May Morning is an annual event in Oxford, United Kingdom, on May Day (1 May).

==Event==
The event starts early at 6 a.m., though the festivities themselves begin much earlier with some people even starting late on April 30, with the Magdalen College Choir singing a hymn, the Hymnus Eucharisticus, from the top of Magdalen Tower. The choir traditionally also sings a madrigal, Now Is the Month of Maying, following prayers for the city led by the Dean of Divinity. Large crowds of both students and Oxford residents normally gather under the tower, along the High Street, and on Magdalen Bridge. Students and fellows of Magdalen College gather in the college cloisters and on top of the other towers within the college grounds. In 2017 the event took place during the Bank Holiday weekend, and a record 27,000 people gathered to hear Sol Samba. During the 2020 Coronavirus pandemic the event was cancelled, however the choir recorded a 'Virtual May Morning', originally broadcast live.

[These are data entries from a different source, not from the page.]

lemma comparable_to_class_downward:
  assumes "subseq s w" "simn (Suc m) s w" "comparable_to_class w" "simn n w v" "m < length s"
  shows "comparable_to_class s"
  using assms(1-4)
proof (induction "length w - length s" arbitrary: w)
  case 0
  then have "length s = length w" using list_emb_length[OF "0.prems"(1)] by linarith
  then have "s = w" by (rule subseq_same_length[OF "0.prems"(1)])
  then show ?case using "0.prems"(3) by simp
next
  case (Suc d)
  then have "length s < length w" by simp
  then obtain x a y where w: "w = x @ a # y" and sxy: "subseq s (x @ y)"
    by (rule subseq_delete_letter_obtain[OF Suc.prems(1)])
  have "subseq (x @ y) w" using w subseq_delete_letter by simp
  then have h: "simn (Suc m) (x @ y) w" by (rule simn_between[OF sxy _ Suc.prems(2)])
  have "comparable_to_class (x @ y)"
    using comparable_to_class_delete_letter[OF Suc.prems(3,4) w h] list_emb_length[OF sxy]
      assms(5) by simp
  moreover have "simn n (x @ y) v"
    using simn_trans[OF simn_mono[OF h] Suc.prems(4)] le_m by simp
  moreover have "simn (Suc m) s (x @ y)" using simn_trans[OF Suc.prems(2) simn_sym[OF h]] .
  ultimately show ?case using Suc.hyps(1)[of "x @ y"] Suc.hyps(2) w sxy by simp
qed

text \<open>Comparability of u' with the whole class would propagate to u (upward or downward,
  depending on how u and u' compare), but u is incomparable with v.\<close>
lemma exists_incomparable_in_class:
  assumes uv: "simn n u v" "incomparable u v" and uu': "simn (Suc m) u u'" "m < length u"
  shows "\<exists>z. simn n z v \<and> incomparable u' z"
proof (rule ccontr)
  assume "\<nexists>z. simn n z v \<and> incomparable u' z"
  then have K': "comparable_to_class u'"
    unfolding comparable_to_class_def incomparable_def by blast
  have "simn n u u'" using simn_mono[OF uu'(1)] le_m by simp
  then have u'v: "simn n u' v" using simn_trans[OF simn_sym uv(1)] by blast
  have "m < length u'" using simn_length_ge[OF uu'(1)] uu'(2) by simp
  have "comparable_to_class u"
  proof (cases "subseq u' u")
    case True
    then show ?thesis
      using comparable_to_class_upward[OF K' u'v \<open>m < length u'\<close> uv(1)] list_emb_length by blast
  next
    case False
    then have "subseq u u'" using K' uv(1) unfolding comparable_to_class_def by blast
    then show ?thesis by (rule comparable_to_class_downward[OF _ uu'(1) K' u'v uu'(2)])
  qed
  then have "subseq v u \<or> subseq u v" unfolding comparable_to_class_def by simp
  then show False using uv(2) unfolding incomparable_def by blast
qed

lemma exists_incomparable_superword:
  assumes t: "subseq t u" "length t \<le> n" "\<not> subseq t v"
    and "m < length v" "simn (Suc m) u u'"
  obtains v' where "simn n v' v" "incomparable u' v'"
proof -
  have "length v \<le> length v + length u' + 1" by simp
  then obtain v' where v': "subseq v v'" "length v' = length v + length u' + 1" "simn n v' v"
    by (rule obtain_simn_superword[OF assms(4)])
  have "subseq t u'" using simnD[OF assms(5) _ t(1)] t(2) le_m by simp
  have "\<not> subseq u' v'"
  proof
    assume "subseq u' v'"
    then have "subseq t v'" using \<open>subseq t u'\<close> subseq_order.trans by blast
    then show False using simnD[OF v'(3) t(2)] t(3) by simp
  qed
  moreover have "\<not> subseq v' u'" using v'(2) by simp
  ultimately show thesis using v'(3) by (intro that) (simp_all add: incomparable_def)
qed

lemma exists_incomparable_long:
  assumes uv: "incomparable u v" and uu': "simn (Suc m) u u'"
    and long: "m < length u" "m < length v"
  obtains v' where "simn n v' v" "incomparable u' v'"
proof (cases "\<exists>t. length t \<le> n \<and> subseq t u \<and> \<not> subseq t v")
  case True
  then obtain t where "subseq t u" "length t \<le> n" "\<not> subseq t v" by blast
  from this long(2) uu' show thesis by (rule exists_incomparable_superword) (rule that)
next
  case False
  obtain \<mu> where \<mu>: "subseq \<mu> v" "simn n \<mu> v" "length \<mu> \<le> m"
    using short_representative[of v] by (rule has_short_simn_subwordE)
  show thesis
  proof (cases "subseq \<mu> u")
    case True
    have "simn n u v" by (rule simn_squeeze[OF _ True \<mu>(2)]) (use False in blast)
    then show thesis using exists_incomparable_in_class[OF _ uv uu' long(1)] that by blast
  next
    case False
    then have "incomparable u' \<mu>"
      using simn_incomparable[OF uu'] \<mu>(3) simn_length_ge[OF uu'] long(1) by simp
    then show thesis using \<mu>(2) that by blast
  qed
qed

lemma incomparable_transfer:
  assumes L: "PT n L" "v \<in> L" and uv: "incomparable u v" and uu': "simn (Suc m) u u'"
  shows "\<exists>v'\<in>L. incomparable u' v'"
proof -
  have class_in_L: "z \<in> L" if "simn n z v" for z
    using L that unfolding PT_def by blast
  consider "length u \<le> m" | "m < length u" "length v \<le> Suc m" | "m < length u" "m < length v"
    by linarith
  then show ?thesis
  proof cases
    case 1
    then have "u' = u" using simn_short_eq[OF uu'] by simp
    then show ?thesis using L(2) uv by blast
  next
    case 2
    then have "incomparable u' v"
      using simn_incomparable[OF uu' 2(2)] simn_length_ge[OF uu'] uv
      by (simp add: incomparable_def)
    then show ?thesis using L(2) by blast
  next
    case 3
    obtain v' where "simn n v' v" "incomparable u' v'"
      by (rule exists_incomparable_long[OF uv uu' 3])
    then show ?thesis using class_in_L by blast
  qed
qed

end

theorem theorem20:
  fixes L :: "('a::finite) list set" and k n :: nat
  assumes "card (UNIV :: 'a set) = k"
    and "PT n L"
  shows "PT (f k n + 1) (Inc L)"
proof -
  have "1 \<le> k" using assms(1) finite_UNIV card_gt_0_iff[of "UNIV :: 'a set"] by simp
  have short_reps: "has_short_simn_subword n (f k n) z" for z :: "'a list"
    using has_short_simn_subword_card[of UNIV k z n] assms(1) \<open>1 \<le> k\<close>
    by (simp add: rep_bound_def)
  have transfer: "u' \<in> Inc L" if uu': "simn (f k n + 1) u u'" and u: "u \<in> Inc L"
    for u u' :: "'a list"
  proof -
    obtain v where v: "v \<in> L" "incomparable u v" using u unfolding Inc_def by blast
    interpret short_representatives n "f k n" v
      using short_reps self_le_f[OF \<open>1 \<le> k\<close>] by unfold_locales
    show ?thesis
      using incomparable_transfer[OF assms(2) v] uu' unfolding Inc_def by simp
  qed
  show ?thesis unfolding PT_def using transfer simn_sym by blast
qed

end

This is then followed by general revelry and festivities, including Morris dancing in Radcliffe Square between the University Church and the Radcliffe Camera, impromptu music, etc., for a couple of hours from around 6.15 am onwards. There is a party atmosphere, despite the early hour. In fact, in some years there are all-night balls the night before, so some people, especially students, are in formal attire.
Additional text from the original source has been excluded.